2.1.1.4. "experts / people who are right about a lot of other things believe this, so this must be true too" (ad verecundiam)

2.1.1.5. "the data supporting this view comes from people who mistreat kittens, so the conclusion can't be true"

2.1.2. correlation / causation

2.1.2.1. non sequitur: the conclusion may be related to, but doesn't logically follow, from the premise

2.1.2.2. post hoc ergo propter hoc: temporal correlation does not imply causation

2.1.2.3. cum hoc ergo propter hoc: co-occurrence does not imply causation

2.1.3. common logic errors

2.1.3.1. errors in deductive reasoning, misapplication of induction

2.1.3.2. "Rain causes the ground to be wet. Therefore, if the ground is wet, it must have rained."

2.1.4. misdirection

2.1.4.1. straw man: "you're really saying something else and that is false because..."

2.1.4.2. begging the question: "kittens are cute because young felines are cute"

2.1.4.3. no true Scotsman: "Christians are moral because anybody who commits an immoral act can't be a Christian"

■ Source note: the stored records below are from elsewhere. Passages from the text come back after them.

theorem corollary2:
  fixes A :: "real^'n^'m" and b :: "real^'m" and xs :: "real^'n" and c :: "real^'n"
  assumes not_null: "\<forall>i. A *v axis i 1 \<noteq> 0"
    and b_cone: "\<exists>z. (\<forall>i. 0 \<le> z $ i) \<and> A *v z = b"
    and xs_min: "is_arg_min l0 (\<lambda>x. (\<forall>i. 0 \<le> x $ i) \<and> A *v x = b) xs"
    and c_on: "\<forall>j\<in>supp xs. (inverse (wgt A j) *\<^sub>R (projP A *v axis j 1)) \<bullet> c = 1"
    and c_off: "\<forall>i\<in>- supp xs. (inverse (wgt A i) *\<^sub>R (projP A *v axis i 1)) \<bullet> c < 1"
  shows "\<forall>s::ereal. ereal (linf xs) \<le> s \<longrightarrow>
           (\<forall>y. is_arg_min (wl1 A) (feas A b s) y \<longrightarrow>
                is_arg_min l0 (feas A b s) y \<and> supp y = supp xs)"
proof (intro allI impI)
  fix s :: ereal and y
  assume s: "ereal (linf xs) \<le> s" and y_min: "is_arg_min (wl1 A) (feas A b s) y"
  define \<sigma> where "\<sigma> i = wgt A i - (projP A *v c) $ i" for i
  have \<sigma>: "0 \<le> \<sigma> i \<and> (\<sigma> i = 0 \<longleftrightarrow> i \<in> supp xs)" for i
    using c_on c_off normalized_projP_axis_inner[OF not_null[rule_format, of i], of c]
    by (cases "i \<in> supp xs") (auto simp: \<sigma>_def)
  have xs: "\<forall>i. 0 \<le> xs $ i" "A *v xs = b"
    using xs_min by (simp_all add: is_arg_min_def)
  have y: "feas A b s y" "\<forall>i. 0 \<le> y $ i" "A *v y = b"
    using y_min by (simp_all add: is_arg_min_def feas_def)
  have "wl1 A y \<le> wl1 A xs"
    using y_min feas_if_linf_le[OF xs s] by (simp add: is_arg_min_linorder)
  then have "(\<Sum>i\<in>UNIV. \<sigma> i * y $ i) \<le> (\<Sum>i\<in>UNIV. \<sigma> i * xs $ i)"
    using wl1_eq_certificate_plus_slack[OF y(3,2), of c] wl1_eq_certificate_plus_slack[OF xs(2,1), of c]
    by (simp add: \<sigma>_def)
  also have "\<dots> \<le> 0"
    using weighted_sum_le_0_iff_supp_subset[OF _ xs(1)] \<sigma> by auto
  finally have "supp y \<subseteq> supp xs"
    using weighted_sum_le_0_iff_supp_subset[OF _ y(2)] \<sigma> by auto
  from l0_arg_min_if_supp_subset[where F = "feas A b s", OF xs_min y(1) this]
  show "is_arg_min l0 (feas A b s) y \<and> supp y = supp xs"
    by (simp add: feas_def)
qed

end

2.2. examples of verbal fallacies

2.2.1. equivocation

2.2.1.1. "Do women have to worry about man-eating sharks"?

2.2.2. amphiboly

2.2.2.1. "He only said that..." (he said just one thing / the thing he said wasn't all that significant"

2.2.3. composition and division

2.2.3.1. "Bacon, ice cream, and potato chips are very tasty. Therefore, mixing them all together must make a very tasty meal."

2.2.3.2. "I love cookies. Cookies are composed of starch, oil, and sugar, therefore, starch, oil, and sugar are some of my favorite foods."

2.3. meta-fallacy

2.3.1. "'A is true because...' is a fallacy implies that A must be false."